Что смолкнул веселия глас?
Раздайтесь, вакхальны припевы!..
…………………………………
Так ложная мудрость мерцает и тлеет
Пред солнцем бессмертным ума.
Да здравствует солнце, да скроется тьма!
 

Таким он был и в жизни: простой, веселый, менее всего походивший на сурового проповедника или философа, – этот беспечный арзамасский «Сверчок», «Искра», – маленький, подвижный, с безукоризненным изяществом манер и сдержанностью светского человека, с негритянским профилем, с голубыми глазами, которые сразу меняли цвет, становились темными и глубокими в минуты вдохновенья. Таким описывает его Смирнова. Тихие беседы Пушкин любит обрывать смехом, неожиданною шуткою, эпиграммой. Между двумя разговорами об истории, религии, философии все члены маленького избранного общества веселятся, устраивают импровизированный маскарад, бегают, шалят, смеются, как дети. И самый резвый из них, зачинщик самых веселых школьнических шалостей – Пушкин. Он всех заражает смехом. «В тот вечер, – записывает однажды Смирнова, – Сверчок (т. е. Пушкин) так смеялся, что Марья Савельевна, разливая чай, объявила ему, что когда будет умирать – для храбрости пошлет за ним».

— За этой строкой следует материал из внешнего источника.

(* Let $\langle W,\varphi,(Y,\mathbb S,\sigma)\rangle$ be a monotone one-dimensional cocycle with skew-product system $(X,\mathbb S_+,\pi)$, $h=\mathrm{pr}_2$, and $\tau\in\mathbb S_+$, $\tau>0$. Assume: (1) $u_1<u_2$ implies $\varphi(k\tau,u_1,y)<\varphi(k\tau,u_2,y)$ for all $k\in\mathbb N$, $y\in Y$; (2) $x_0\in X$ has precompact semi-trajectory; (3) $y_0:=h(x_0)$ is asymptotically $\tau$-periodic, with $q:=\lim_{k\to\infty}\sigma(k\tau,y_0)$; (4) the $\tau$-periodic points of $(X,\mathbb S_+,\pi)$ in the fibre $X_q=W\times\{q\}$ are isolated, i.e. for every $u$ with $\varphi(\tau,u,q)=u$ there is $\delta>0$ such that no $u'\neq u$ with $|u'-u|<\delta$ satisfies $\varphi(\tau,u',q)=u'$. Then $x_0$ is asymptotically $\tau$-periodic, i.e. there is a $\tau$-periodic point $p\in X$ with $\rho(\pi(t,x_0),\pi(t,p))\to0$ as $t\to+\infty$.
   Context: $\mathbb S=\mathbb R$ or $\mathbb Z$, $\mathbb S_+=\{t\in\mathbb S:t\ge0\}$. $(Y,\mathbb S,\sigma)$ is a two-sided dynamical system on a complete metric space; $y_0$ is asymptotically $\tau$-periodic if there is $q$ with $\sigma(\tau,q)=q$ and $\rho(\sigma(t,y_0),\sigma(t,q))\to0$. $W\subseteq\mathbb R$ is an interval; a monotone cocycle is a continuous $\varphi:\mathbb S_+\times W\times Y\to W$ with $\varphi(0,u,y)=u$, $\varphi(t+s,u,y)=\varphi(t,\varphi(s,u,y),\sigma(s,y))$ and $u_1\le u_2\Rightarrow\varphi(t,u_1,y)\le\varphi(t,u_2,y)$. Skew-product: $X=W\times Y$, $\pi(t,(u,y))=(\varphi(t,u,y),\sigma(t,y))$; a point $p$ is $\tau$-periodic if $\pi(\tau,p)=p$. *)

theory Defs
  imports "HOL-Analysis.Analysis"
begin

Пушкин не закрывает глаз на уродство и пошлость обыкновенной жизни, но преодолевает их не брезгливым холодным презрением, подобно Гете, не желчной иронией, подобно Байрону, – а все тою же светлою мудростью, вдохновением без восторга, непобедимым веселием:

 
Так, полдень мой настал, и нужно
Мне в том сознаться, вижу я,
Но, так и быть, простимся дружно,
О, юность легкая моя!
…………………………………
…С ясною душою
Пускаюсь ныне в новый путь
От жизни прошлой отдохнуть.
 

Цена всякой человеческой мудрости испытывается на отношении к смерти.

Пушкин говорит о смерти спокойно, как люди, близкие к природе, как древние эллины и те русские мужики, бесстрашию коих Толстой завидует. «Прав судьбы закон. Все благо: бдения и сна приходит час определенный. Благословен и день забот, благословен и тьмы приход».

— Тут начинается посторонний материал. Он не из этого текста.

lemma delta2_xq_mon:
  assumes "s \<le> 1"
  shows "delta2 (Poly_Mapping.single (xq_mon e s k l i p r) c) =
    (if s = 1 then Poly_Mapping.single (xq_mon e s k (Suc l) i p r) c else 0)
    + Poly_Mapping.single (xq_mon e s k l i p (Suc r)) c"
proof -
  have "delta2 (Poly_Mapping.single (xq_mon e s k l i p r) c) = (\<Sum>v\<in>{X1 k, X2 l, Q i p r}.
      Poly_Mapping.single (xq_mon e s k l i p r - Poly_Mapping.single v 1)
        (c * of_nat (Poly_Mapping.lookup (xq_mon e s k l i p r) v)) * d2var v)"
    unfolding delta2_def by (rule der_single_superset) (use keys_xq_mon in auto)
  then show ?thesis
    using assms xq_mon_shift(2,4) by (cases s) (auto simp: single_times_Bvar)
qed

lemma funpow_leading_term:
  fixes d :: "('m \<Rightarrow>\<^sub>0 'b::comm_monoid_add) \<Rightarrow> 'm \<Rightarrow>\<^sub>0 'b"
  assumes add: "\<And>p q. d (p + q) = d p + d q"
    and leading: "\<And>k. \<exists>R. d (t k) = t (Suc k) + R \<and> Poly_Mapping.keys R \<subseteq> L (Suc k)"
    and lower: "\<And>k R. Poly_Mapping.keys R \<subseteq> L k \<Longrightarrow> Poly_Mapping.keys (d R) \<subseteq> L (Suc k)"
    and R\<^sub>0: "Poly_Mapping.keys R\<^sub>0 \<subseteq> L 0"
  shows "\<exists>R. (d ^^ n) (t 0 + R\<^sub>0) = t n + R \<and> Poly_Mapping.keys R \<subseteq> L n"
proof (induction n)
  case 0
  show ?case using R\<^sub>0 by auto
next
  case (Suc n)
  then obtain R where R: "(d ^^ n) (t 0 + R\<^sub>0) = t n + R" "Poly_Mapping.keys R \<subseteq> L n"
    by blast
  obtain R' where R': "d (t n) = t (Suc n) + R'" "Poly_Mapping.keys R' \<subseteq> L (Suc n)"
    using leading by blast
  have "(d ^^ Suc n) (t 0 + R\<^sub>0) = t (Suc n) + (R' + d R)"
    by (simp add: R(1) R'(1) add add.assoc)
  moreover have "Poly_Mapping.keys (R' + d R) \<subseteq> L (Suc n)"
    using keys_add[of R' "d R"] R'(2) lower[OF R(2)] by blast
  ultimately show ?case by blast
qed

text \<open>For e, s \<le> 1 the Deg of xq_mon e s k l i p r is (e (k + 1), s (l + 1)), so lower_mons e s K T
  consists of the monomials of this shape whose Deg is below that of xq_mon e s K T i p r.\<close>

definition lower_mons :: "nat \<Rightarrow> nat \<Rightarrow> nat \<Rightarrow> nat \<Rightarrow> (var \<Rightarrow>\<^sub>0 nat) set" where
  "lower_mons e s K T = {xq_mon e s k l i p r | k l i p r. (e * k, s * l) < (e * K, s * T)}"

lemma xq_mon_in_lower_mons: "(e * k, s * l) < (e * K, s * T) \<Longrightarrow> xq_mon e s k l i p r \<in> lower_mons e s K T"
  unfolding lower_mons_def by blast

lemma delta1_lower_mons:
  assumes "e \<le> 1" and R: "Poly_Mapping.keys R \<subseteq> lower_mons e s K T"
  shows "Poly_Mapping.keys (delta1 R) \<subseteq> lower_mons e s (Suc K) T"
proof -
  have "Poly_Mapping.keys (delta1 (Poly_Mapping.single m c)) \<subseteq> lower_mons e s (Suc K) T"
    if "m \<in> lower_mons e s K T" for m c
  proof -
    from that obtain k l i p r where m: "m = xq_mon e s k l i p r" and lt: "(e * k, s * l) < (e * K, s * T)"
      by (auto simp: lower_mons_def)
    have "(e * k, s * l) < (e * Suc K, s * T)" "e = 1 \<Longrightarrow> (e * Suc k, s * l) < (e * Suc K, s * T)"
      using lt assms(1) by (auto simp: less_prod_def le_Suc_eq)
    then show ?thesis
      unfolding m delta1_xq_mon[OF assms(1)]
      using keys_add by (fastforce intro: xq_mon_in_lower_mons split: if_splits)
  qed
  then show ?thesis
    using keys_der[of d1var R] R unfolding delta1_def by blast
qed

lemma delta2_lower_mons:
  assumes "s \<le> 1" and R: "Poly_Mapping.keys R \<subseteq> lower_mons e s K T"
  shows "Poly_Mapping.keys (delta2 R) \<subseteq> lower_mons e s K (Suc T)"
proof -
  have "Poly_Mapping.keys (delta2 (Poly_Mapping.single m c)) \<subseteq> lower_mons e s K (Suc T)"
    if "m \<in> lower_mons e s K T" for m c
  proof -
    from that obtain k l i p r where m: "m = xq_mon e s k l i p r" and lt: "(e * k, s * l) < (e * K, s * T)"
      by (auto simp: lower_mons_def)
    have "(e * k, s * l) < (e * K, s * Suc T)" "s = 1 \<Longrightarrow> (e * k, s * Suc l) < (e * K, s * Suc T)"
      using lt assms(1) by (auto simp: less_prod_def le_Suc_eq)
    then show ?thesis
      unfolding m delta2_xq_mon[OF assms(1)]
      using keys_add by (fastforce intro: xq_mon_in_lower_mons split: if_splits)
  qed
  then show ?thesis
    using keys_der[of d2var R] R unfolding delta2_def by blast
qed

lemma delta1_leading_step:
  assumes "e \<le> 1"
  shows "\<exists>R. delta1 (Poly_Mapping.single (xq_mon e s K T i (p + (1 - e) * K) r) 1) =
      Poly_Mapping.single (xq_mon e s (Suc K) T i (p + (1 - e) * Suc K) r) 1 + R
    \<and> Poly_Mapping.keys R \<subseteq> lower_mons e s (Suc K) T"
proof (cases "e = 1")
  case True
  then show ?thesis
    by (intro exI[of _ "Poly_Mapping.single (xq_mon e s K T i (Suc p) r) 1"])
      (auto simp: delta1_xq_mon less_prod_def intro: xq_mon_in_lower_mons)
next
  case False
  then have "e = 0" using assms by simp
  then show ?thesis
    using delta1_xq_mon[of 0 s K T i "p + K" r 1] by (intro exI[of _ 0]) (simp add: xq_mon_def)
qed

lemma delta2_leading_step:
  assumes "s \<le> 1"
  shows "\<exists>R. delta2 (Poly_Mapping.single (xq_mon e s K T i p (r + (1 - s) * T)) 1) =
      Poly_Mapping.single (xq_mon e s K (Suc T) i p (r + (1 - s) * Suc T)) 1 + R
    \<and> Poly_Mapping.keys R \<subseteq> lower_mons e s K (Suc T)"
proof (cases "s = 1")
  case True
  then show ?thesis
    by (intro exI[of _ "Poly_Mapping.single (xq_mon e s K T i p (Suc r)) 1"])
      (auto simp: delta2_xq_mon less_prod_def intro: xq_mon_in_lower_mons)
next
  case False
  then have "s = 0" using assms by simp
  then show ?thesis
    using delta2_xq_mon[of 0 e K T i p "r + T" 1] by (intro exI[of _ 0]) (simp add: xq_mon_def)
qed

Среди скорбящих, бьющих себя в грудь, проклинающих, дрожащих перед смертью, как будто из другого мира, из другого века, доносится к нам божественное дыхание пушкинского героизма и веселия:

 
И пусть у гробового входа
Младая будет жизнь играть.
И равнодушная природа
Красою вечною сиять.
 

Если предвестники будущего Возрождения не обманывают нас, то человеческий дух от старой, плачущей, перейдет к этой новой мудрости, ясности и простоте, завещанным искусству Гете и Пушкиным.